ALSA lib pcm_hw.c:549:(snd_pcm_hw_start) SNDRV_PCM_IOCTL_START failed: Broken pipe

So, was I supposed to unmerge the alsa stuff when I moved to 2.6, and what am I supposed to do now, or is it just re-emerging artsd.

Justace

----------

## agent_jdh

The package you do not need any more is alsa-driver, you should still use alsa-lib and alsa-utils.  The alsasound init script which loads the relevant alsa kernel modules (assuming you have compiled the alsa stuff as modules) and saves/restores the mixer settings is now in the alsa-utils package (it used to be in alsa-driver).

You should also try and make sure the alsa-lib and alsa-utils versions installed match the alsa driver revision that the kernel you use has - you can find this out by doing cat /proc/asound/version

----------

## prophecy

Humm,

	It is not.  Every time that there is an upgrade for the alsa-utils and alsa-lib modules do I need to recompile the kernel?  I will unmerge alsa-driver for now though.

My version listed in the proc is 1.0.4rc2 which is from 2.6.5-gentoo-r1.

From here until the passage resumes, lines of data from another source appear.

(* Let $q>0$, let $f$ be a $q$-concave function on $\mathbb R^n$ which is not $m$-isolated, for some $1\le m\le n$. If there exists an $m$-Dynkin vector for $f$, then $C(f)\ne\varnothing$.
   Context: A twice differentiable $f:\mathbb R^n\to\mathbb R$ is $q$-concave if $\frac{\partial f}{\partial x_i}(0)=0$ for all $i$, $\frac{\partial^2 f}{\partial x_i\partial x_j}\ge0$ everywhere for all $i,j$, and $\frac{\partial^2 f}{\partial x_i^2}\ge q$ everywhere for all $i$. With $e_m$ the $m$-th standard basis vector, $f$ is $m$-isolated if $\frac{\partial f}{\partial x_k}(e_m)=0$ for all $k\ne m$. A nonzero $d\in\mathbb Z^n$ is an $m$-Dynkin vector for $f$ if $0\le\frac{\partial f}{\partial x_m}(d)\le q$ and $\frac{\partial f}{\partial x_j}(d)=0$ for all $j\ne m$. $H_n=\{x:\sum x_i=0\}$; $C(f)$ is the set of $h\in H_n\setminus\{0\}$ with either all $\partial f/\partial x_i(h)\le0$ or all $\ge0$. *)

theory Defs
  imports "HOL-Analysis.Analysis"
begin

text \<open>Points of R^n are vectors of type real^'n (the index type 'n has n elements).
  The i-th standard basis vector is axis i 1.\<close>

definition pd :: "(real^'n \<Rightarrow> real) \<Rightarrow> 'n \<Rightarrow> real^'n \<Rightarrow> real" where
  "pd f i x = deriv (\<lambda>t. f (x + t *\<^sub>R axis i 1)) 0"

definition twice_differentiable :: "(real^'n \<Rightarrow> real) \<Rightarrow> bool" where
  "twice_differentiable f \<longleftrightarrow>
     (\<forall>x. f differentiable at x) \<and> (\<forall>i x. pd f i differentiable at x)"

definition q_concave :: "real \<Rightarrow> (real^'n \<Rightarrow> real) \<Rightarrow> bool" where
  "q_concave q f \<longleftrightarrow>
     (\<forall>i. pd f i 0 = 0) \<and>
     (\<forall>i j x. pd (pd f j) i x \<ge> 0) \<and>
     (\<forall>i x. pd (pd f i) i x \<ge> q)"

definition m_isolated :: "(real^'n \<Rightarrow> real) \<Rightarrow> 'n \<Rightarrow> bool" where
  "m_isolated f m \<longleftrightarrow> (\<forall>k. k \<noteq> m \<longrightarrow> pd f k (axis m 1) = 0)"

definition dynkin_vector :: "real \<Rightarrow> (real^'n \<Rightarrow> real) \<Rightarrow> 'n \<Rightarrow> real^'n \<Rightarrow> bool" where
  "dynkin_vector q f m d \<longleftrightarrow>
     d \<noteq> 0 \<and> (\<forall>i. d $ i \<in> \<int>) \<and>
     0 \<le> pd f m d \<and> pd f m d \<le> q \<and>
     (\<forall>j. j \<noteq> m \<longrightarrow> pd f j d = 0)"

definition H :: "(real^'n) set" where
  "H = {x. (\<Sum>i\<in>UNIV. x $ i) = 0}"

definition C :: "(real^'n \<Rightarrow> real) \<Rightarrow> (real^'n) set" where
  "C f = {h \<in> H - {0}. (\<forall>i. pd f i h \<le> 0) \<or> (\<forall>i. pd f i h \<ge> 0)}"

end

theory Submission
  imports Defs
begin

text \<open>Let \<open>s\<close> be the (integral) coordinate sum of an \<open>m\<close>-Dynkin vector \<open>d\<close> and put
  \<open>h = d - s e\<^sub>m \<in> H\<close>. Since all second partials are nonnegative and the pure \<open>m\<close>-th one is
  at least \<open>q\<close>, every first partial derivative is nondecreasing along \<open>e\<^sub>m\<close>, the \<open>m\<close>-th one
  growing by at least \<open>q\<close> per unit. Comparing \<open>h\<close> with \<open>d\<close>, the gradient at \<open>h\<close> is \<open>\<ge> 0\<close> if \<open>s \<le> 0\<close> and
  \<open>\<le> 0\<close> if \<open>s \<ge> 1\<close>, so \<open>h \<in> C(f)\<close> unless \<open>h = 0\<close>. In that case \<open>d = s e\<^sub>m\<close>, and the same growth
  estimate between \<open>0\<close> and \<open>d\<close> forces \<open>s = 1\<close>, i.e. \<open>f\<close> is \<open>m\<close>-isolated.\<close>

lemma has_real_derivative_pd_along_axis:
  fixes g :: "real^'n \<Rightarrow> real"
  assumes "g differentiable at (x + t *\<^sub>R axis i 1)"
  shows "((\<lambda>t. g (x + t *\<^sub>R axis i 1)) has_real_derivative pd g i (x + t *\<^sub>R axis i 1)) (at t)"
proof -
  define y where "y = x + t *\<^sub>R axis i 1"
  have "(g \<circ> (\<lambda>s. y + s *\<^sub>R axis i 1)) differentiable at 0"
    using assms unfolding y_def by (intro differentiable_chain_at derivative_intros) simp
  then have "((\<lambda>s. g (y + s *\<^sub>R axis i 1)) has_real_derivative pd g i y) (at 0)"
    unfolding pd_def by (simp add: DERIV_deriv_iff_real_differentiable o_def)
  moreover have "(\<lambda>s. g (y + s *\<^sub>R axis i 1)) = (\<lambda>s. g (x + (s + t) *\<^sub>R axis i 1))"
    unfolding y_def by (simp add: scaleR_add_left algebra_simps)
  ultimately show ?thesis
    using DERIV_shift[where f = "\<lambda>u. g (x + u *\<^sub>R axis i 1)" and x = 0 and z = t]
    by (simp add: y_def)
qed

lemma increment_along_axis_ge:
  fixes g :: "real^'n \<Rightarrow> real"
  assumes "\<forall>y. g differentiable at y"
    and "\<forall>y. c \<le> pd g i y"
    and "0 \<le> t"
  shows "c * t \<le> g (x + t *\<^sub>R axis i 1) - g x"
proof (cases "t = 0")
  case False
  with assms(3) have "0 < t" by simp
  then obtain z where "g (x + t *\<^sub>R axis i 1) - g (x + 0 *\<^sub>R axis i 1)
      = (t - 0) * pd g i (x + z *\<^sub>R axis i 1)"
    using MVT2[of 0 t "\<lambda>t. g (x + t *\<^sub>R axis i 1)" "\<lambda>t. pd g i (x + t *\<^sub>R axis i 1)"]
      assms(1) has_real_derivative_pd_along_axis by blast
  then show ?thesis
    using assms(2) \<open>0 < t\<close> by (simp add: mult.commute mult_left_mono)
qed simp

lemma q_concave_pd_mono_along_axis:
  assumes "twice_differentiable f" "q_concave q f" "0 \<le> t"
  shows "pd f j x \<le> pd f j (x + t *\<^sub>R axis i 1)"
  using increment_along_axis_ge[of "pd f j" 0 i t x] assms
  unfolding twice_differentiable_def q_concave_def by simp

lemma q_concave_pd_increment_along_axis:
  assumes "twice_differentiable f" "q_concave q f" "0 \<le> t"
  shows "q * t \<le> pd f i (x + t *\<^sub>R axis i 1) - pd f i x"
  using increment_along_axis_ge[of "pd f i" q i t x] assms
  unfolding twice_differentiable_def q_concave_def by simp

lemma dynkin_vector_pd_nonneg:
  assumes "dynkin_vector q f m d"
  shows "0 \<le> pd f j d"
  using assms unfolding dynkin_vector_def by (cases "j = m") auto

lemma dynkin_vector_axis_shift_pd_nonneg:
  assumes "twice_differentiable f" "q_concave q f" "dynkin_vector q f m d" "s \<le> 0"
  shows "0 \<le> pd f j (d - s *\<^sub>R axis m 1)"
  using q_concave_pd_mono_along_axis[OF assms(1,2), of "-s" j d m]
    dynkin_vector_pd_nonneg[OF assms(3), of j] assms(4) by simp

lemma dynkin_vector_axis_shift_pd_nonpos:
  assumes "twice_differentiable f" "q_concave q f" "dynkin_vector q f m d" "q > 0" "1 \<le> s"
  shows "pd f j (d - s *\<^sub>R axis m 1) \<le> 0"
proof -
  let ?h = "d - s *\<^sub>R axis m 1"
  have d: "?h + s *\<^sub>R axis m 1 = d" by simp
  show ?thesis
  proof (cases "j = m")
    case True
    have "q * s \<le> pd f m d - pd f m ?h"
      using q_concave_pd_increment_along_axis[OF assms(1,2), of s m ?h] assms(5) d by simp
    moreover have "q \<le> q * s"
      using assms(4,5) by simp
    moreover have "pd f m d \<le> q"
      using assms(3) unfolding dynkin_vector_def by simp
    ultimately show ?thesis
      using True by simp
  next
    case False
    then have "pd f j d = 0"
      using assms(3) unfolding dynkin_vector_def by simp
    then show ?thesis
      using q_concave_pd_mono_along_axis[OF assms(1,2), of s j ?h m] assms(5) d by simp
  qed
qed

lemma dynkin_vector_on_axis:
  assumes "twice_differentiable f" "q_concave q f" "q > 0" "dynkin_vector q f m (s *\<^sub>R axis m 1)"
  shows "s = 1"
proof -
  have "pd f m 0 = 0" and "0 \<le> pd f m (s *\<^sub>R axis m 1)" and "pd f m (s *\<^sub>R axis m 1) \<le> q"
    using assms(2,4) unfolding q_concave_def dynkin_vector_def by auto
  have "s = (s *\<^sub>R axis m 1) $ m"
    by simp
  with assms(4) have "s \<in> \<int>"
    unfolding dynkin_vector_def by metis
  moreover have "s \<noteq> 0"
    using assms(4) unfolding dynkin_vector_def by auto
  ultimately have "s \<le> -1 \<or> 1 \<le> s"
    by (auto elim!: Ints_cases)
  then consider "s \<le> -1" | "1 \<le> s"
    by blast
  then show ?thesis
  proof cases
    case 1
    have "q * -s \<le> pd f m (s *\<^sub>R axis m 1 + (-s) *\<^sub>R axis m 1) - pd f m (s *\<^sub>R axis m 1)"
      using q_concave_pd_increment_along_axis[OF assms(1,2), of "-s" m "s *\<^sub>R axis m 1"] 1
      by linarith
    moreover have "0 < q * -s"
      using assms(3) 1 by (simp add: mult_pos_neg)
    ultimately show ?thesis
      using \<open>pd f m 0 = 0\<close> \<open>0 \<le> pd f m (s *\<^sub>R axis m 1)\<close> by simp
  next
    case 2
    have "q * s \<le> pd f m (0 + s *\<^sub>R axis m 1) - pd f m 0"
      using q_concave_pd_increment_along_axis[OF assms(1,2), of s m 0] 2 by linarith
    then have "q * s \<le> q * 1"
      using \<open>pd f m 0 = 0\<close> \<open>pd f m (s *\<^sub>R axis m 1) \<le> q\<close> by simp
    then show ?thesis
      using assms(3) 2 by simp
  qed
qed

lemma axis_shift_by_coordinate_sum_in_H:
  "d - (\<Sum>i\<in>UNIV. d $ i) *\<^sub>R axis m 1 \<in> H"
  unfolding H_def by (simp add: sum_subtractf axis_def flip: sum_distrib_left)

theorem lemma3:
  fixes f :: "real^'n \<Rightarrow> real" and q :: real and m :: 'n
  assumes "q > 0"
    and "twice_differentiable f"
    and "q_concave q f"
    and "\<not> m_isolated f m"
    and "\<exists>d. dynkin_vector q f m d"
  shows "C f \<noteq> {}"
proof -
  obtain d where d: "dynkin_vector q f m d"
    using assms(5) by blast
  define s where "s = (\<Sum>i\<in>UNIV. d $ i)"
  define h where "h = d - s *\<^sub>R axis m 1"
  have "h \<noteq> 0"
  proof
    assume "h = 0"
    then have "dynkin_vector q f m (s *\<^sub>R axis m 1)"
      using d by (simp add: h_def)
    then have "s = 1"
      by (rule dynkin_vector_on_axis[OF assms(2,3,1)])
    then have "d = axis m 1"
      using \<open>h = 0\<close> by (simp add: h_def)
    with d assms(4) show False
      unfolding m_isolated_def dynkin_vector_def by simp
  qed
  have "s \<in> \<int>"
    using d unfolding s_def dynkin_vector_def by (intro Ints_sum) blast
  then have "s \<le> 0 \<or> 1 \<le> s"
    by (auto elim!: Ints_cases)
  then have "(\<forall>j. pd f j h \<le> 0) \<or> (\<forall>j. 0 \<le> pd f j h)"
    using dynkin_vector_axis_shift_pd_nonneg[OF assms(2,3) d]
      dynkin_vector_axis_shift_pd_nonpos[OF assms(2,3) d assms(1)] unfolding h_def by blast
  with \<open>h \<noteq> 0\<close> have "h \<in> C f"
    using axis_shift_by_coordinate_sum_in_H unfolding C_def h_def s_def by auto
  then show ?thesis by blast
qed

end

The currently installed version of alsa-lib is 1.0.5

Justace

----------

## agent_jdh

 *prophecy wrote:*   

> It is not.

 

What is not?

 *prophecy wrote:*   

> Every time that there is an upgrade for the alsa-utils and alsa-lib modules do I need to recompile the kernel?

 

No.

 *prophecy wrote:*   

> My version listed in the proc is 1.0.4rc2 which is from 2.6.5-gentoo-r1.
> 
> The currently installed version of alsa-lib is 1.0.5

 

That should be OK.

----------

## prophecy

Well,

	This is depressing.  It seems as though after I upgraded the alsa stuff my arts does not want to work correctly.  Although its correctness before the upgrade was questionable.  I guess I will have to dig deeper.

Justace

----------

## agent_jdh

Assuming you're using alsa as kernel modules, delete the /lib/modules/(kernel version) folder and re-install the kernel modules from /usr/src/linux by running make modules_install

I'm guessing that your emerge world has replaced the alsa modules from the kernel with the ones from alsa-driver.

It may be that there is just a straightforward bug with that alsa driver version for your particular sound card.

----------

## prophecy

I have alsa in the kernel staticly.  Therefore it should not even be loading the modules.  What you state makes good sence, but if it did do that then would the module version reported in the proc be newer to reflect the incorrect module, ie: the new module instead of the regular one that came with the kernel?

Justace

----------

## BiOCHiP

Does the user as who you try to run arts has permission to use the sound device? Try to run arts as root and see what happens.

----------

## prophecy

Same responce.

Justace

----------